From rollup perspective, the state-transition proof already enforces/commits a newLER, so it can enforce/commit also a ImportedBridgeExit_Tree, where all the claims are stored. So there will not be any discrepancy.

From sidechains like PoS, the consensus-proof will just provide guarantee on the ImportedBirdgeExits and newLER. This is where I think we can introduce the consensusType - consensusPayload as an inputs of the PP to be more generic. The first one that we will use will be consensusType: 0 and the PP takes the consensusPayload = publicKey and checks the signature. Later on, we can think about other consensus, such as the PoS one and how to handle it in the PP

[bpfarmer]

ok, I was always thinking on this scenario xD

:D maybe others would disagree but to me it's tough to see this as being super important.

Therefore, it makes sense to sign just the LER.

✅

I think we can introduce the consensusType - consensusPayload as an inputs of the PP to be more generic.

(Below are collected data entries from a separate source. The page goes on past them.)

(* For any integer $N>10$ and any integer $m\ge1$, there exists a collection $\mathcal{I}$ of $N$ pairwise disjoint subintervals of $[-\tfrac12,\tfrac12]$, each of length $\frac{N^{-(2m-1)}}{3m}$, such that the Minkowski sums $I_1+\cdots+I_m$ ($I_1,\dots,I_m\in\mathcal{I}$) form a pairwise disjoint collection, i.e. whenever $(I_1,\dots,I_m)$ and $(J_1,\dots,J_m)$ are elements of $\mathcal{I}^m$ that differ as multisets, $(I_1+\cdots+I_m)\cap(J_1+\cdots+J_m)=\emptyset$. *)

theory Defs
  imports "HOL-Analysis.Analysis" "HOL-Library.Multiset"
begin

definition minkowski_sum :: "nat \<Rightarrow> (nat \<Rightarrow> real set) \<Rightarrow> real set" where
  "minkowski_sum m S = {(\<Sum>k<m. x k) | x. \<forall>k<m. x k \<in> S k}"

end

theory Submission
  imports Defs
begin

text \<open>
  Choose integers \<open>x 0, \<dots>, x (N - 1)\<close> in \<open>[0, 2P]\<close>, \<open>P = N ^ (2m - 1)\<close>, greedily so that
  equal-size multisets of at most \<open>m\<close> of them have distinct sums. A new value \<open>v\<close> creates a
  collision only if \<open>v\<close> equals the exact quotient \<open>(\<Sum>x\<^sub>u - \<Sum>x\<^sub>w) / (|u| - |w|)\<close> for
  some lists \<open>u\<close>, \<open>w\<close> of old indices with \<open>|w| < |u| \<le> m\<close>; there are at most
  \<open>2 (N - 1) ^ (2m - 1) \<le> 2P\<close> such pairs, so a free value always remains. Mapping
  \<open>x i\<close> to \<open>x i / (2P + 1) - 1/2\<close> puts the intervals in \<open>[-1/2, 1/2]\<close> and separates distinct
  sums of \<open>m\<close> left endpoints by \<open>1 / (2P + 1)\<close>, more than the length \<open>m L = 1 / (3P)\<close>
  of a Minkowski sum of \<open>m\<close> intervals.
\<close>

definition msum_injective :: "nat \<Rightarrow> nat \<Rightarrow> (nat \<Rightarrow> int) \<Rightarrow> bool" where
  "msum_injective m n x \<longleftrightarrow>
     (\<forall>F G. set_mset F \<subseteq> {..<n} \<longrightarrow> set_mset G \<subseteq> {..<n} \<longrightarrow>
        size F = size G \<longrightarrow> size F \<le> m \<longrightarrow> F \<noteq> G \<longrightarrow>
        sum_mset (image_mset x F) \<noteq> sum_mset (image_mset x G))"

definition short_list_pairs :: "nat \<Rightarrow> nat \<Rightarrow> (nat list \<times> nat list) set" where
  "short_list_pairs q m =
     {(u, w). set u \<subseteq> {..<q} \<and> set w \<subseteq> {..<q} \<and> length w < length u \<and> length u \<le> m}"

definition forbidden_values :: "(nat \<Rightarrow> int) \<Rightarrow> nat \<Rightarrow> nat \<Rightarrow> int set" where
  "forbidden_values x q m =
     (\<lambda>(u, w). (sum_list (map x u) - sum_list (map x w)) div int (length u - length w))
       ` short_list_pairs q m"

lemma geometric_sum_le:
  fixes q k :: nat
  assumes "q \<ge> 1"
  shows "(q - 1) * (\<Sum>t<k. q ^ t) \<le> q ^ k"
proof (induction k)
  case (Suc k)
  have "(q - 1) * (\<Sum>t<Suc k. q ^ t) = (q - 1) * (\<Sum>t<k. q ^ t) + (q - 1) * q ^ k"
    by (simp add: algebra_simps)
  also have "\<dots> \<le> q ^ k + (q - 1) * q ^ k"
    using Suc by simp
  also have "\<dots> = q ^ Suc k"
    using assms by (cases q) auto
  finally show ?case .
qed simp
(* Let $p$ be a prime, $n=rk$, let $h:\mathbb{F}_{p^k}\to\mathbb{F}_{p^k}$ be an arbitrary mapping, and let $\gamma\in\mathbb{F}_{p^n}^*$ be an $(i,b)$-Frobenius translator of $f:\mathbb{F}_{p^n}\to\mathbb{F}_{p^k}$ (with $b\in\mathbb{F}_{p^k}$, $i\in\{0,\dots,k-1\}$). Let $L:\mathbb{F}_{p^n}\to\mathbb{F}_{p^n}$ be an $\mathbb{F}_{p^k}$-linear permutation. Then the mapping $$G(x)=L(x)^{p^i}+L(\gamma)^{p^i}\,h(f(x))$$ permutes $\mathbb{F}_{p^n}$ if and only if the mapping $g(u)=u+bh(u)$ permutes $\mathbb{F}_{p^k}$.
   Context: For $n=rk$, a function $f:\mathbb{F}_{p^n}\to\mathbb{F}_{p^k}$, an element $\gamma\in\mathbb{F}_{p^n}^*$, an element $b\in\mathbb{F}_{p^k}$ and $i\in\{0,\dots,k-1\}$, $\gamma$ is called an $(i,b)$-Frobenius translator of $f$ if $f(x+u\gamma)-f(x)=u^{p^i}b$ for all $x\in\mathbb{F}_{p^n}$ and all $u\in\mathbb{F}_{p^k}$. An $\mathbb{F}_{p^k}$-linear function on $\mathbb{F}_{p^n}$ is one of the form $L(x)=\sum_{j=0}^{r-1}\lambda_j x^{p^{kj}}$ with $\lambda_j\in\mathbb{F}_{p^n}$. *)

theory Defs
  imports "HOL-Computational_Algebra.Primes"
begin

text \<open>The finite field F_{p^n} is modelled as a finite field type 'a with CARD('a) = p^n.
  The subfield F_{p^k} (for k dividing n) is the set of fixed points of x \<mapsto> x^(p^k).\<close>

definition subfield_pk :: "nat \<Rightarrow> nat \<Rightarrow> ('a::{field,finite}) set" where
  "subfield_pk p k = {x. x ^ (p ^ k) = x}"

definition frobenius_translator ::
  "nat \<Rightarrow> nat \<Rightarrow> ('a::{field,finite} \<Rightarrow> 'a) \<Rightarrow> 'a \<Rightarrow> nat \<Rightarrow> 'a \<Rightarrow> bool" where
  "frobenius_translator p k f \<gamma> i b \<longleftrightarrow>
     \<gamma> \<noteq> 0 \<and> b \<in> subfield_pk p k \<and> i < k \<and>
     (\<forall>x u. u \<in> subfield_pk p k \<longrightarrow> f (x + u * \<gamma>) - f x = u ^ (p ^ i) * b)"

text \<open>F_{p^k}-linear functions on F_{p^n}, n = r k.\<close>
definition Fpk_linear :: "nat \<Rightarrow> nat \<Rightarrow> nat \<Rightarrow> ('a::{field,finite} \<Rightarrow> 'a) \<Rightarrow> bool" where
  "Fpk_linear p k r L \<longleftrightarrow>
     (\<exists>lam :: nat \<Rightarrow> 'a. \<forall>x. L x = (\<Sum>j<r. lam j * x ^ (p ^ (k * j))))"

end

theory Submission
  imports Defs "HOL-Number_Theory.Residues"
begin

text \<open>Choose \<open>\<psi>\<close> on \<open>F_{p^k}\<close> with \<open>\<psi>(u)^(p^i) = h(u)\<close> and put
  \<open>F(x) = x + \<psi>(f(x)) \<gamma>\<close>. Linearity of \<open>L\<close> over \<open>F_{p^k}\<close> and additivity of
  Frobenius give \<open>G(x) = L(F(x))^(p^i)\<close>, so \<open>G\<close> permutes iff \<open>F\<close> does. The translator
  property gives \<open>f(F(x)) = g(f(x))\<close>; since \<open>F\<close> moves \<open>x\<close> by a multiple of \<open>\<gamma>\<close>
  determined by \<open>f(x)\<close>, \<open>F\<close> is injective iff \<open>g\<close> is injective on \<open>F_{p^k}\<close>. For
  surjectivity of \<open>g\<close>, note that \<open>f\<close> maps the line \<open>F_{p^k} \<gamma>\<close> onto \<open>F_{p^k}\<close>
  when \<open>b \<noteq> 0\<close> (and \<open>g\<close> is the identity when \<open>b = 0\<close>).\<close>

lemma prime_CHAR_finite_field: "prime CHAR('a::{field,finite})"
  by (rule prime_CHAR_semidom, rule finite_imp_CHAR_pos) simp

lemma CHAR_eq_if_card_eq_prime_power:
  assumes "prime p" "card (UNIV :: 'a::{field,finite} set) = p ^ m"
  shows "CHAR('a) = p"
proof -
  have "CHAR('a) dvd p ^ m" using CHAR_dvd_CARD[where 'a='a] assms(2) by simp
  hence "CHAR('a) dvd p" using prime_CHAR_finite_field prime_dvd_power by blast
  thus ?thesis using prime_CHAR_finite_field assms(1) primes_dvd_imp_eq by blast
qed

lemma frobenius_diff:
  fixes x y :: "'a::comm_ring_1"
  assumes "prime CHAR('a)"
  shows "(x - y) ^ (CHAR('a) ^ m) = x ^ (CHAR('a) ^ m) - y ^ (CHAR('a) ^ m)"
proof -
  have "x ^ (CHAR('a) ^ m) = ((x - y) + y) ^ (CHAR('a) ^ m)" by simp
  also have "\<dots> = (x - y) ^ (CHAR('a) ^ m) + y ^ (CHAR('a) ^ m)"
    using freshmans_dream'[OF assms] by blast
  finally show ?thesis by simp
qed

lemma inj_frobenius:
  assumes "prime CHAR('a::idom)"
  shows "inj (\<lambda>x::'a. x ^ (CHAR('a) ^ m))"
proof (rule injI)
  fix x y :: 'a assume "x ^ (CHAR('a) ^ m) = y ^ (CHAR('a) ^ m)"
  hence "(x - y) ^ (CHAR('a) ^ m) = 0" using frobenius_diff[OF assms] by simp
  thus "x = y" by simp
qed

lemma bij_frobenius: "bij (\<lambda>x::'a::{field,finite}. x ^ (CHAR('a) ^ m))"
  using inj_frobenius[OF prime_CHAR_finite_field[where 'a='a], of m]
    finite_UNIV_inj_surj[OF finite_UNIV] by (simp add: bij_def)

lemma bij_comp_iff_inj:
  fixes F g :: "'a::finite \<Rightarrow> 'a"
  assumes "bij g"
  shows "bij (\<lambda>x. g (F x)) \<longleftrightarrow> inj F"
proof -
  have "bij (\<lambda>x. g (F x)) \<longleftrightarrow> inj (g \<circ> F)"
    using finite_UNIV_inj_surj[OF finite_UNIV, of "g \<circ> F"] by (auto simp: bij_def comp_def)
  also have "\<dots> \<longleftrightarrow> inj F"
    using inj_on_imageI2[of g F] inj_compose[OF bij_is_inj[OF assms], of F] by blast
  finally show ?thesis .
qed

context
  fixes p k :: nat
  assumes CHAR_eq: "CHAR('a::{field,finite}) = p"
begin

lemma subfield_pk_add:
  "(x::'a) \<in> subfield_pk p k \<Longrightarrow> y \<in> subfield_pk p k \<Longrightarrow> x + y \<in> subfield_pk p k"
  using freshmans_dream'[OF prime_CHAR_finite_field, of "p ^ k" k x y] CHAR_eq
  by (simp add: subfield_pk_def)

lemma subfield_pk_diff:
  "(x::'a) \<in> subfield_pk p k \<Longrightarrow> y \<in> subfield_pk p k \<Longrightarrow> x - y \<in> subfield_pk p k"
  using frobenius_diff[OF prime_CHAR_finite_field, of x y k] CHAR_eq
  by (simp add: subfield_pk_def)

lemma frobenius_image_subfield_pk:
  "(\<lambda>x::'a. x ^ (p ^ i)) ` subfield_pk p k = subfield_pk p k"
proof (rule endo_inj_surj)
  show "(\<lambda>x::'a. x ^ (p ^ i)) ` subfield_pk p k \<subseteq> subfield_pk p k"
  proof (clarsimp simp: subfield_pk_def)
    fix x :: 'a assume "x ^ p ^ k = x"
    then show "(x ^ p ^ i) ^ p ^ k = x ^ p ^ i" by (metis power_mult mult.commute)
  qed
  show "inj_on (\<lambda>x::'a. x ^ (p ^ i)) (subfield_pk p k)"
    using inj_frobenius[OF prime_CHAR_finite_field[where 'a='a], of i] CHAR_eq by (simp add: inj_on_def)
qed simp

end

lemma subfield_pk_mult:
  "(x::'a::{field,finite}) \<in> subfield_pk p k \<Longrightarrow> y \<in> subfield_pk p k \<Longrightarrow> x * y \<in> subfield_pk p k"
  by (simp add: subfield_pk_def power_mult_distrib)

lemma subfield_pk_divide:
  "(x::'a::{field,finite}) \<in> subfield_pk p k \<Longrightarrow> y \<in> subfield_pk p k \<Longrightarrow> x / y \<in> subfield_pk p k"
  by (simp add: subfield_pk_def power_divide)

lemma subfield_pk_power_power_eq:
  assumes "(x::'a::{field,finite}) \<in> subfield_pk p k"
  shows "x ^ (p ^ (k * j)) = x"
proof (induction j)
  case (Suc j)
  have "x ^ (p ^ (k * Suc j)) = (x ^ (p ^ (k * j))) ^ (p ^ k)"
    by (metis mult_Suc_right power_add power_mult mult.commute)
  with Suc assms show ?case by (simp add: subfield_pk_def)
qed simp

lemma Fpk_linear_add_scale:
  fixes L :: "'a::{field,finite} \<Rightarrow> 'a"
  assumes "Fpk_linear p k r L" "CHAR('a) = p" "c \<in> subfield_pk p k"
  shows "L (x + c * y) = L x + c * L y"
proof -
  obtain lam :: "nat \<Rightarrow> 'a" where lam: "\<And>x. L x = (\<Sum>j<r. lam j * x ^ (p ^ (k * j)))"
    using assms(1) unfolding Fpk_linear_def by blast
  have "lam j * (x + c * y) ^ (p ^ (k * j))
        = lam j * x ^ (p ^ (k * j)) + c * (lam j * y ^ (p ^ (k * j)))" for j
  proof -
    have "(x + c * y) ^ (p ^ (k * j)) = x ^ (p ^ (k * j)) + c ^ (p ^ (k * j)) * y ^ (p ^ (k * j))"
      using freshmans_dream'[OF prime_CHAR_finite_field, of "p ^ (k * j)" "k * j" x "c * y"] assms(2)
      by (simp add: power_mult_distrib)
    then show ?thesis
      using subfield_pk_power_power_eq[OF assms(3)] by (simp add: distrib_left mult.left_commute)
  qed
  then show ?thesis
    unfolding lam by (simp add: sum.distrib sum_distrib_left)
qed

lemma subfield_pk_frobenius_root:
  fixes h :: "'a::{field,finite} \<Rightarrow> 'a"
  assumes "CHAR('a) = p" "\<forall>u \<in> subfield_pk p k. h u \<in> subfield_pk p k"
  obtains \<psi> where "\<forall>u \<in> subfield_pk p k. \<psi> u \<in> subfield_pk p k \<and> \<psi> u ^ (p ^ i) = h u"
proof -
  have "\<forall>u \<in> subfield_pk p k. \<exists>c \<in> subfield_pk p k. c ^ (p ^ i) = h u"
    using frobenius_image_subfield_pk[OF assms(1), of i] assms(2) by (metis imageE)
  then show ?thesis using that by metis
qed

lemma Fpk_linear_frobenius_add_scale:
  fixes L :: "'a::{field,finite} \<Rightarrow> 'a"
  assumes "Fpk_linear p k r L" "CHAR('a) = p" "c \<in> subfield_pk p k"
  shows "L (x + c * y) ^ (p ^ i) = L x ^ (p ^ i) + c ^ (p ^ i) * L y ^ (p ^ i)"
  using Fpk_linear_add_scale[OF assms] assms(2)
    freshmans_dream'[OF prime_CHAR_finite_field[where 'a='a], of "p ^ i" i]
  by (simp add: power_mult_distrib)

lemma frobenius_translator_shift:
  assumes "frobenius_translator p k f \<gamma> i b" "u \<in> subfield_pk p k"
  shows "f (x + u * \<gamma>) = f x + u ^ (p ^ i) * b"
  using assms unfolding frobenius_translator_def by (simp add: diff_eq_eq add.commute)

lemma frobenius_translator_image_line:
  fixes f :: "'a::{field,finite} \<Rightarrow> 'a"
  assumes char: "CHAR('a) = p" and tr: "frobenius_translator p k f \<gamma> i b" and "b \<noteq> 0"
    and f_S: "\<forall>x. f x \<in> subfield_pk p k"
  shows "subfield_pk p k \<subseteq> (\<lambda>t. f (t * \<gamma>)) ` subfield_pk p k"
proof
  fix v :: 'a assume v: "v \<in> subfield_pk p k"
  have "b \<in> subfield_pk p k" using tr by (simp add: frobenius_translator_def)
  with v f_S have "(v - f 0) / b \<in> subfield_pk p k"
    by (intro subfield_pk_divide subfield_pk_diff[OF char]) auto
  then have "(v - f 0) / b \<in> (\<lambda>x. x ^ (p ^ i)) ` subfield_pk p k"
    by (simp only: frobenius_image_subfield_pk[OF char])
  then obtain t where t: "t \<in> subfield_pk p k" "(v - f 0) / b = t ^ (p ^ i)" by blast
  have "f (t * \<gamma>) = f 0 + t ^ (p ^ i) * b"
    using frobenius_translator_shift[OF tr t(1), of 0] by simp
  also have "\<dots> = v" using t(2)[symmetric] \<open>b \<noteq> 0\<close> by simp
  finally show "v \<in> (\<lambda>t. f (t * \<gamma>)) ` subfield_pk p k" using t(1) by blast
qed

lemma inj_translator_shift_iff:
  fixes f \<psi> :: "'a::{field,finite} \<Rightarrow> 'a"
  assumes char: "CHAR('a) = p"
    and tr: "frobenius_translator p k f \<gamma> i b"
    and f_S: "\<forall>x. f x \<in> subfield_pk p k"
    and \<psi>_S: "\<forall>u \<in> subfield_pk p k. \<psi> u \<in> subfield_pk p k"
  shows "inj (\<lambda>x. x + \<psi> (f x) * \<gamma>)
         \<longleftrightarrow> bij_betw (\<lambda>u. u + b * \<psi> u ^ (p ^ i)) (subfield_pk p k) (subfield_pk p k)"
    (is "inj ?F \<longleftrightarrow> bij_betw ?g ?S ?S")
proof -
  have f_F: "f (?F x) = ?g (f x)" for x
    using frobenius_translator_shift[OF tr, of "\<psi> (f x)" x] f_S \<psi>_S by (simp add: mult.commute)
  show ?thesis
  proof
    assume inj_F: "inj ?F"
    have "?g ` ?S \<subseteq> ?S"
      using \<psi>_S tr frobenius_image_subfield_pk[OF char, of i]
      by (auto intro!: subfield_pk_add[OF char] subfield_pk_mult simp: frobenius_translator_def)
    moreover have "?S \<subseteq> ?g ` ?S"
    proof (cases "b = 0")
      case False
      have "surj ?F" using finite_UNIV_inj_surj[OF finite_UNIV inj_F] .
      then have "range f = range (\<lambda>x. f (?F x))"
        using image_comp[of f ?F UNIV] by (simp add: comp_def)
      then have "(\<lambda>t. f (t * \<gamma>)) ` ?S \<subseteq> range (\<lambda>x. f (?F x))" by auto
      also have "\<dots> \<subseteq> ?g ` ?S" using f_F f_S by auto
      finally show ?thesis using frobenius_translator_image_line[OF char tr False f_S] by blast
    qed simp
    ultimately show "bij_betw ?g ?S ?S"
      by (intro bij_betw_imageI finite_surj_inj) auto
  next
    assume "bij_betw ?g ?S ?S"
    then have inj_g: "inj_on ?g ?S" by (simp add: bij_betw_def)
    show "inj ?F"
    proof (rule injI)
      fix x y assume F_eq: "?F x = ?F y"
      then have "?g (f x) = ?g (f y)" using f_F by metis
      then have "f x = f y" using inj_onD[OF inj_g] f_S by blast
      with F_eq show "x = y" by simp
    qed
  qed
qed

theorem theorem3:
  fixes p r k i :: nat
    and f h L :: "'a::{field,finite} \<Rightarrow> 'a"
    and \<gamma> b :: 'a
  assumes "prime p"
    and "0 < r" and "0 < k"
    and "card (UNIV :: 'a set) = p ^ (r * k)"
    and "\<forall>x. f x \<in> subfield_pk p k"
    and "\<forall>u \<in> subfield_pk p k. h u \<in> subfield_pk p k"
    and "frobenius_translator p k f \<gamma> i b"
    and "Fpk_linear p k r L"
    and "bij L"
  shows "bij (\<lambda>x. L x ^ (p ^ i) + L \<gamma> ^ (p ^ i) * h (f x))
         \<longleftrightarrow> bij_betw (\<lambda>u. u + b * h u) (subfield_pk p k) (subfield_pk p k)"
proof -
  have char: "CHAR('a) = p" using CHAR_eq_if_card_eq_prime_power assms(1,4) by blast
  obtain \<psi> where \<psi>: "\<forall>u \<in> subfield_pk p k. \<psi> u \<in> subfield_pk p k \<and> \<psi> u ^ (p ^ i) = h u"
    using subfield_pk_frobenius_root[OF char assms(6)] by blast
  define F where "F x = x + \<psi> (f x) * \<gamma>" for x
  have "L x ^ (p ^ i) + L \<gamma> ^ (p ^ i) * h (f x) = L (F x) ^ (p ^ i)" for x
    using Fpk_linear_frobenius_add_scale[OF assms(8) char, of "\<psi> (f x)" x \<gamma> i] \<psi> assms(5)
    unfolding F_def by (simp add: mult.commute)
  then have "bij (\<lambda>x. L x ^ (p ^ i) + L \<gamma> ^ (p ^ i) * h (f x)) \<longleftrightarrow> inj F"
    using bij_comp_iff_inj[OF bij_comp[OF assms(9) bij_frobenius[where 'a='a, of i]]]
    by (simp add: char comp_def)
  also have "\<dots> \<longleftrightarrow> bij_betw (\<lambda>u. u + b * \<psi> u ^ (p ^ i)) (subfield_pk p k) (subfield_pk p k)"
    unfolding F_def using \<psi> by (intro inj_translator_shift_iff[OF char assms(7,5)]) blast
  also have "\<dots> \<longleftrightarrow> bij_betw (\<lambda>u. u + b * h u) (subfield_pk p k) (subfield_pk p k)"
    using \<psi> by (intro bij_betw_cong) simp
  finally show ?thesis .
qed

end
(* For parameters $(x_1,x_2,\xi_1,\xi_2)\in\mathbb{R}^{4n}$ consider the first-order differential operator on $L^2(\mathbb{R}_t)$ $$\tilde P=iD_t+a(t,\xi_2,\xi_1+t\xi_2)F(x_2-tx_1).$$ There exists a constant $C>0$ such that for all $u\in\mathscr S(\mathbb{R}_t)$ and all $(x_1,x_2,\xi_1,\xi_2)\in\mathbb{R}^{4n}$, $$\big\|(1+\langle x_1\rangle^{\frac{2\sigma}{2\sigma+1}}+\langle x_2-tx_1\rangle^{2\sigma})u\big\|_{L^2(\mathbb{R}_t)}\le C\big(\|\tilde Pu\|_{L^2(\mathbb{R}_t)}+\|u\|_{L^2(\mathbb{R}_t)}\big).$$
   Context: $0<\sigma<1$, $n\ge1$. $a\in C_b^\infty(\mathbb{R}^{2n+1})$ (smooth, all derivatives bounded) with $a(t,\xi,\eta)\ge a_0>0$ for all $(t,\xi,\eta)\in\mathbb{R}\times\mathbb{R}^n\times\mathbb{R}^n$. $w\in C^\infty(\mathbb{R}^n)$ with $0\le w\le1$, $w=1$ on $\{|\eta|\ge2\}$, $w=0$ on $\{|\eta|\le1\}$, and $F(x)=|x|^{2\sigma}w(x)+|x|^2(1-w(x))$. $D_t=(2\pi i)^{-1}\partial_t$, $\langle x\rangle=(1+|x|^2)^{1/2}$. In the estimate, $\langle x_2-tx_1\rangle^{2\sigma}$ acts as multiplication by a function of $t$. *)

theory Defs
  imports "HOL-Analysis.Analysis"
begin

fun iter_dderiv :: "('a::real_normed_vector \<Rightarrow> 'b::real_normed_vector) \<Rightarrow> 'a list \<Rightarrow> 'a \<Rightarrow> 'b" where
  "iter_dderiv f [] = f"
| "iter_dderiv f (v # vs) = (\<lambda>x. frechet_derivative (iter_dderiv f vs) (at x) v)"

definition smooth_fun :: "('a::euclidean_space \<Rightarrow> 'b::real_normed_vector) \<Rightarrow> bool" where
  "smooth_fun f \<longleftrightarrow> (\<forall>vs. set vs \<subseteq> Basis \<longrightarrow> (\<forall>x. iter_dderiv f vs differentiable (at x)))"

definition Cb_inf :: "('a::euclidean_space \<Rightarrow> 'b::real_normed_vector) \<Rightarrow> bool" where
  "Cb_inf f \<longleftrightarrow> smooth_fun f \<and> (\<forall>vs. set vs \<subseteq> Basis \<longrightarrow> bounded (range (iter_dderiv f vs)))"

definition vderiv :: "(real \<Rightarrow> complex) \<Rightarrow> real \<Rightarrow> complex" where
  "vderiv u = (\<lambda>t. vector_derivative u (at t))"

definition schwartz :: "(real \<Rightarrow> complex) \<Rightarrow> bool" where
  "schwartz u \<longleftrightarrow> (\<forall>k t. ((vderiv ^^ k) u) differentiable (at t)) \<and>
     (\<forall>k m. bounded (range (\<lambda>t::real. of_real (\<bar>t\<bar> ^ m) * (vderiv ^^ k) u t)))"

definition L2norm :: "(real \<Rightarrow> complex) \<Rightarrow> real" where
  "L2norm f = sqrt (integral\<^sup>L lborel (\<lambda>t. (cmod (f t))\<^sup>2))"

definition jbr :: "'a::real_normed_vector \<Rightarrow> real" where
  "jbr x = sqrt (1 + (norm x)\<^sup>2)"

definition Ffun :: "real \<Rightarrow> (real^'n \<Rightarrow> real) \<Rightarrow> real^'n \<Rightarrow> real" where
  "Ffun \<sigma> w x = norm x powr (2*\<sigma>) * w x + (norm x)\<^sup>2 * (1 - w x)"

text \<open>D_t = (2 pi i)^{-1} d/dt; the operator P~ = i D_t + a(t,xi2,xi1+t xi2) F(x2 - t x1).\<close>
definition Ptilde :: "real \<Rightarrow> (real \<Rightarrow> real^'n \<Rightarrow> real^'n \<Rightarrow> real) \<Rightarrow> (real^'n \<Rightarrow> real)
    \<Rightarrow> real^'n \<Rightarrow> real^'n \<Rightarrow> real^'n \<Rightarrow> real^'n \<Rightarrow> (real \<Rightarrow> complex) \<Rightarrow> real \<Rightarrow> complex" where
  "Ptilde \<sigma> a w x1 x2 \<xi>1 \<xi>2 u t =
     \<i> * (vderiv u t / (2 * complex_of_real pi * \<i>))
     + complex_of_real (a t \<xi>2 (\<xi>1 + t *\<^sub>R \<xi>2) * Ffun \<sigma> w (x2 - t *\<^sub>R x1)) * u t"

end

theory Submission
  imports Defs "HOL-Real_Asymp.Real_Asymp"
begin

I agree in principle - I think that introducing consensusType and consensusPayload makes sense. However, should the PP check consensus? For example, there's no state root parameter in the PP, so we may not be able to fully verify the updated state of the chain. I wonder if it makes sense to have separate verification pipelines for:

• Execution Proof
• Consensus Proof
• Pessimistic Proof

We can obviously combine things in the short term to simplify, but maybe a clean separation of these components makes sense?

[krlosMata]

I was always thinking that the consensus is embedded into execution proof & pessimistic proof, differently.
So you have a consensus for each one:

• transactions ordering (state-transition at the end) in the execution
• bridgeExits & importedBridgeExits in the PP

An example that I can imagine: Polygon PoS

• on one hand, you verify consensus + state-transistion --> newStateRoot
• on the other hand, you verify consensus + PP --> newStatePP

This gives certain flexibility in the protocol since one is not dependent on the other one.